锻体流传下来的原因,就是在许多年之前,不能成为古武者的人,另辟蹊径走出来的路。虽然练到最后的大成者也能和古武者抗衡,可是这条路实在是太苦了,非超越常人的意志不能练成。
因此,凡是现在的锻体者一旦显示,都是深不可测的能手。
“可是,我今天真的没看出来,锻体者不都是膘肥体壮,高头大马的?”
“但是有人看过他出手。”
“好了,飞廉。”瘦猴男人打断他,“你说的那件事我也听说了,不还是和那个叫大壮的人对打吗?”
要说之前可能是疑惑,那现在他就是肯定了。
“从这个人一开始来到镇子上,就是和大壮串通好了的,要不然怎么会正正好大壮撞上了他,然后正正好两个人又打了起来,被别人发现他强劲的肉身?”
“你说的……好像也有点道理。”
飞廉叹了一口气,希望是自己疑神疑鬼。
“东西都拿来了,有备无患,我们进去吧。”
两个人落在了店铺的楼顶,秦朗睁眼,脑中回响着两个人的对话,不由觉得好笑。
有的时候不怕多想,就怕想太多。
他静静聆听着两个人搜寻的路线,他们先是去最中间的房间看了一眼,发现没有人,然后两个人兵分两路,一左一右地搜查着。
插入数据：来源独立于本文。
(* Let $N$ be a closed normal subgroup of a compact group $G$ and $n\ge1$. Then $d^{(n)}(G)\le d^{(n)}(G/N)$.
   Context: For a compact group $X$, $\mu_X$ denotes its normalized Haar measure and $\mu_X^m$ the product measure on $X^m$. Commutators: $[x,y]=x^{-1}y^{-1}xy$, $[x_1,\dots,x_{k+1}]=[[x_1,\dots,x_k],x_{k+1}]$. For a compact group $X$, $d^{(n)}(X)=\mu_X^{n+1}(\{(x_1,\dots,x_{n+1})\in X^{n+1}: [x_1,\dots,x_{n+1}]=1\})$. *)

theory Defs
  imports "HOL-Analysis.Analysis" "HOL-Algebra.Algebra"
begin

definition topological_group :: "('a, 'b) monoid_scheme \<Rightarrow> 'a topology \<Rightarrow> bool" where
  "topological_group G T \<longleftrightarrow>
     group G \<and> topspace T = carrier G \<and>
     continuous_map (prod_topology T T) T (\<lambda>(x, y). x \<otimes>\<^bsub>G\<^esub> y) \<and>
     continuous_map T T (\<lambda>x. inv\<^bsub>G\<^esub> x)"

definition compact_group :: "('a, 'b) monoid_scheme \<Rightarrow> 'a topology \<Rightarrow> bool" where
  "compact_group G T \<longleftrightarrow> topological_group G T \<and> compact_space T \<and> Hausdorff_space T"

definition quot_topology :: "('a, 'b) monoid_scheme \<Rightarrow> 'a topology \<Rightarrow> 'a set \<Rightarrow> 'a set topology" where
  "quot_topology G T N = topology (\<lambda>U. U \<subseteq> rcosets\<^bsub>G\<^esub> N \<and> openin T (\<Union>U))"

text \<open>Normalized Haar measure of a compact group: a Radon (outer regular on Borel sets,
inner regular by compact sets on open sets) probability measure on the Borel sets of T,
invariant under left translations.\<close>

definition haar_measure :: "('a, 'b) monoid_scheme \<Rightarrow> 'a topology \<Rightarrow> 'a measure \<Rightarrow> bool" where
  "haar_measure G T M \<longleftrightarrow>
     space M = topspace T \<and>
     sets M = sigma_sets (topspace T) {U. openin T U} \<and>
     emeasure M (topspace T) = 1 \<and>
     (\<forall>g\<in>carrier G. \<forall>A\<in>sets M. emeasure M ((\<lambda>x. g \<otimes>\<^bsub>G\<^esub> x) ` A) = emeasure M A) \<and>
     (\<forall>A\<in>sets M. emeasure M A = (INF U\<in>{U. openin T U \<and> A \<subseteq> U}. emeasure M U)) \<and>
     (\<forall>U. openin T U \<longrightarrow> emeasure M U = (SUP K\<in>{K. compactin T K \<and> K \<subseteq> U}. emeasure M K))"

text \<open>Commutators [x,y] = x^-1 y^-1 x y and left-normed iterated commutators
[x_0, ..., x_k] = [[x_0, ..., x_(k-1)], x_k] (indices shifted to start at 0).\<close>

definition comm :: "('a, 'b) monoid_scheme \<Rightarrow> 'a \<Rightarrow> 'a \<Rightarrow> 'a" where
  "comm G x y = inv\<^bsub>G\<^esub> x \<otimes>\<^bsub>G\<^esub> inv\<^bsub>G\<^esub> y \<otimes>\<^bsub>G\<^esub> x \<otimes>\<^bsub>G\<^esub> y"

fun iter_comm :: "('a, 'b) monoid_scheme \<Rightarrow> (nat \<Rightarrow> 'a) \<Rightarrow> nat \<Rightarrow> 'a" where
  "iter_comm G x 0 = x 0"
| "iter_comm G x (Suc k) = comm G (iter_comm G x k) (x (Suc k))"

text \<open>The power X^(n+1) as a compact group (tuples indexed by {0..n}) with product topology.\<close>

definition pow_group :: "('a, 'b) monoid_scheme \<Rightarrow> nat \<Rightarrow> (nat \<Rightarrow> 'a) monoid" where
  "pow_group G n = product_group {0..n} (\<lambda>_. G)"

definition pow_topology :: "'a topology \<Rightarrow> nat \<Rightarrow> (nat \<Rightarrow> 'a) topology" where
  "pow_topology T n = product_topology (\<lambda>_. T) {0..n}"

definition comm_degree :: "('a, 'b) monoid_scheme \<Rightarrow> nat \<Rightarrow> (nat \<Rightarrow> 'a) measure \<Rightarrow> real" where
  "comm_degree G n M =
     measure M {x \<in> carrier (pow_group G n). iter_comm G x n = \<one>\<^bsub>G\<^esub>}"

end

theory Submission
  imports Defs
begin

text \<open>The quotient map \<open>G \<rightarrow> G/N\<close> induces a continuous surjective homomorphism \<open>\<pi>\<close> from
  the \<open>(n+1)\<close>-th power of \<open>G\<close> to that of \<open>G/N\<close>, which maps tuples with trivial iterated commutator into the
  closed set \<open>D\<close> of such tuples of the quotient. Haar measure is pushed forward to Haar measure,
  \<open>\<integral> f d\<nu> = \<integral> f \<circ> \<pi> d\<mu>\<close> for continuous \<open>f\<close>: apply Fubini's theorem to \<open>f (\<pi>(x)\<inverse> y)\<close> and use left
  invariance in each variable. Approximating the indicator of \<open>D\<close> from above by Urysohn functions,
  using outer regularity of \<open>\<nu>\<close>, bounds the measure of the commuting tuples of \<open>G\<close> by \<open>\<nu>(D) + \<epsilon>\<close>
  for every \<open>\<epsilon> > 0\<close>.\<close>

lemma continuous_map_real_bounded:
  assumes "compact_space S" "continuous_map S euclideanreal f"
  obtains B where "\<And>x. x \<in> topspace S \<Longrightarrow> \<bar>f x\<bar> \<le> B"
proof -
  have "compact (f ` topspace S)"
    using image_compactin[OF _ assms(2)] assms(1) by (simp add: compact_space_def)
  then show ?thesis
    using that compact_imp_bounded by (force simp: bounded_real)
qed

lemma compact_space_continuous_surj:
  "compact_space S \<Longrightarrow> continuous_map S S' f \<Longrightarrow> f ` topspace S = topspace S' \<Longrightarrow> compact_space S'"
  by (metis compact_space_def image_compactin)

lemma open_map_prod:
  assumes f: "open_map X1 X2 f" and g: "open_map Y1 Y2 g"
  shows "open_map (prod_topology X1 Y1) (prod_topology X2 Y2) (\<lambda>(x, y). (f x, g y))"
  unfolding open_map_def
proof (intro allI impI)
  fix U assume U: "openin (prod_topology X1 Y1) U"
  show "openin (prod_topology X2 Y2) ((\<lambda>(x, y). (f x, g y)) ` U)"
  proof (subst openin_subopen, intro ballI)
    fix z assume "z \<in> (\<lambda>(x, y). (f x, g y)) ` U"
    then obtain x y where xy: "(x, y) \<in> U" "z = (f x, g y)" by auto
    obtain V W where VW: "openin X1 V" "openin Y1 W" "x \<in> V" "y \<in> W" "V \<times> W \<subseteq> U"
      using U[unfolded openin_prod_topology_alt, rule_format, OF xy(1)] by blast
    have "openin (prod_topology X2 Y2) (f ` V \<times> g ` W)"
      using VW f g by (simp add: openin_prod_Times_iff open_map_def)
    moreover have "f ` V \<times> g ` W \<subseteq> (\<lambda>(x, y). (f x, g y)) ` U"
      using VW(5) by force
    ultimately show "\<exists>T. openin (prod_topology X2 Y2) T \<and> z \<in> T \<and> T \<subseteq> (\<lambda>(x, y). (f x, g y)) ` U"
      using xy VW by blast
  qed
qed

lemma topological_group_group: "topological_group G T \<Longrightarrow> group G"
  and topological_group_topspace: "topological_group G T \<Longrightarrow> topspace T = carrier G"
  by (simp_all add: topological_group_def)

lemma continuous_map_group_mult:
  assumes "topological_group G T" "continuous_map Z T f" "continuous_map Z T g"
  shows "continuous_map Z T (\<lambda>z. f z \<otimes>\<^bsub>G\<^esub> g z)"
proof -
  have "continuous_map Z (prod_topology T T) (\<lambda>z. (f z, g z))"
    using assms by (simp add: continuous_map_paired)
  with assms(1) show ?thesis
    using continuous_map_compose by (fastforce simp: topological_group_def o_def)
qed

lemma continuous_map_group_inv:
  assumes "topological_group G T" "continuous_map Z T f"
  shows "continuous_map Z T (\<lambda>z. inv\<^bsub>G\<^esub> f z)"
  using assms continuous_map_compose[OF assms(2)]
  by (fastforce simp: topological_group_def o_def)

lemma continuous_map_group_const:
  "topological_group G T \<Longrightarrow> c \<in> carrier G \<Longrightarrow> continuous_map Z T (\<lambda>z. c)"
  by (simp add: topological_group_topspace)

lemma continuous_map_left_translation:
  "topological_group G T \<Longrightarrow> c \<in> carrier G \<Longrightarrow> continuous_map T T (\<lambda>x. c \<otimes>\<^bsub>G\<^esub> x)"
  by (intro continuous_map_group_mult continuous_map_group_const continuous_map_id[unfolded id_def])

lemma openin_left_translation:
  fixes G (structure)
  assumes tg: "topological_group G T" and U: "openin T U" and h: "h \<in> carrier G"
  shows "openin T ((\<lambda>x. h \<otimes> x) ` U)"
proof -
  interpret group G using topological_group_group[OF tg] .
  have top: "topspace T = carrier G" using topological_group_topspace[OF tg] .
  have "openin T {x \<in> topspace T. inv h \<otimes> x \<in> U}"
    using continuous_map_left_translation[OF tg inv_closed[OF h]] U
    by (rule openin_continuous_map_preimage)
  moreover have "{x \<in> topspace T. inv h \<otimes> x \<in> U} = (\<lambda>x. h \<otimes> x) ` U"
  proof safe
    fix x assume "x \<in> topspace T" "inv h \<otimes> x \<in> U"
    then show "x \<in> (\<lambda>x. h \<otimes> x) ` U"
      using h top by (intro image_eqI[of _ _ "inv h \<otimes> x"]) (auto simp: m_assoc[symmetric])
  next
    fix u assume "u \<in> U"
    then show "h \<otimes> u \<in> topspace T" "inv h \<otimes> (h \<otimes> u) \<in> U"
      using openin_subset[OF U] h top by (auto simp: m_assoc[symmetric])
  qed
  ultimately show ?thesis by simp
qed

lemma equicontinuous_translates:
  fixes G (structure) and h :: "'a \<Rightarrow> real"
  assumes tg: "topological_group G T" and T: "compact_space T"
    and h: "continuous_map T euclideanreal h"
    and x0: "x0 \<in> carrier G" and e: "e > 0"
  obtains V where "openin T V" "x0 \<in> V"
    "\<And>x g. x \<in> V \<Longrightarrow> g \<in> carrier G \<Longrightarrow> \<bar>h (inv x \<otimes> g) - h (inv x0 \<otimes> g)\<bar> < e"
proof -
  interpret group G using topological_group_group[OF tg] .
  have top: "topspace T = carrier G" using topological_group_topspace[OF tg] .
  define \<Phi> where "\<Phi> z = \<bar>h (inv (fst z) \<otimes> snd z) - h (inv x0 \<otimes> snd z)\<bar>" for z
  have c1: "continuous_map (prod_topology T T) T (\<lambda>z. inv (fst z) \<otimes> snd z)"
    by (intro continuous_map_group_mult[OF tg] continuous_map_group_inv[OF tg]
        continuous_map_fst continuous_map_snd)
  have c2: "continuous_map (prod_topology T T) T (\<lambda>z. inv x0 \<otimes> snd z)"
    by (intro continuous_map_group_mult[OF tg] continuous_map_group_const[OF tg]
        continuous_map_snd inv_closed x0)
  have c\<Phi>: "continuous_map (prod_topology T T) euclideanreal \<Phi>"
    unfolding \<Phi>_def
    by (intro continuous_map_real_abs continuous_map_diff
        continuous_map_compose[OF c1 h, unfolded o_def] continuous_map_compose[OF c2 h, unfolded o_def])
  have W: "openin (prod_topology T T) {z \<in> topspace (prod_topology T T). \<Phi> z \<in> {..<e}}"
    by (rule openin_continuous_map_preimage[OF c\<Phi>]) simp
  have "x0 \<in> topspace T" "{x0} \<times> topspace T \<subseteq> {z \<in> topspace (prod_topology T T). \<Phi> z \<in> {..<e}}"
    using x0 top e by (auto simp: \<Phi>_def)
  from tube_lemma_right[OF W T[unfolded compact_space_def] this]
  obtain U V where UV: "openin T U" "x0 \<in> U" "topspace T \<subseteq> V"
      "U \<times> V \<subseteq> {z \<in> topspace (prod_topology T T). \<Phi> z \<in> {..<e}}"
    by blast
  show ?thesis
  proof (rule that[OF UV(1,2)])
    fix x g assume "x \<in> U" "g \<in> carrier G"
    then have "(x, g) \<in> U \<times> V" using UV(3) top by auto
    then have "\<Phi> (x, g) < e" using UV(4) by blast
    then show "\<bar>h (inv x \<otimes> g) - h (inv x0 \<otimes> g)\<bar> < e"
      by (simp add: \<Phi>_def)
  qed
qed

definition has_borel_sets :: "'a topology \<Rightarrow> 'a measure \<Rightarrow> bool" where
  "has_borel_sets S M \<longleftrightarrow> space M = topspace S \<and> sets M = sigma_sets (topspace S) {U. openin S U}"

lemma has_borel_sets_openin: "has_borel_sets S M \<Longrightarrow> openin S U \<Longrightarrow> U \<in> sets M"
  unfolding has_borel_sets_def by auto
飞廉先找到了大壮,他连忙叫瘦猴男人,“飞楼,过来!人在这里。”
虽然离得远感受的不真切,但他的确听见了一个人微弱的呼吸。
大壮竟然真的没死?
一阵惊骇涌上,他缓缓往房间里探去。
飞楼紧皱着眉头来到房间里,看着**面色苍白但气息平和的大壮。
“还真活了?”
“所以那个男人真的是一个医生。”
“这已经不是医生的范畴了吧?”飞楼摇头,“你看过哪个医生能这么轻易把一个人从鬼门关拉回来的?”
“你的意思是他可能是一个丹药师?”
“嗯,而且实力还不错。”
按常理来说,丹药师都是古武者,他们在救治病人的时候一般会用真气辅佐,可秦朗身上没有一点真气波动,只能是用最基本的办法操作。
可即便是这样,他还是将肋骨全碎的男人救了回来。
“说实话,如果不是老大让我们杀他的话,恐怕用不了多久,他的名声就会超过周药师。”
飞廉的话得到了飞楼的认同,但是没有办法,许光司想让一个人死,他就必须是死。
无论是什么身份,什么地位。
“别磨蹭了,动手了。”
既然知道这个人实力深厚,那就要趁他熟睡的时候摁死他。
“你将大壮杀了,我去找老板。”
飞楼点头,从自己的腰间掏出一把匕首来。
在月光的映衬下,刀刃上闪着蓝色的光泽,明显是淬了毒的。
而飞廉冷着眼,从腰上取下一根长鞭,鞭子上全是倒刺,倒刺上和飞楼刀刃上的毒如出一辙。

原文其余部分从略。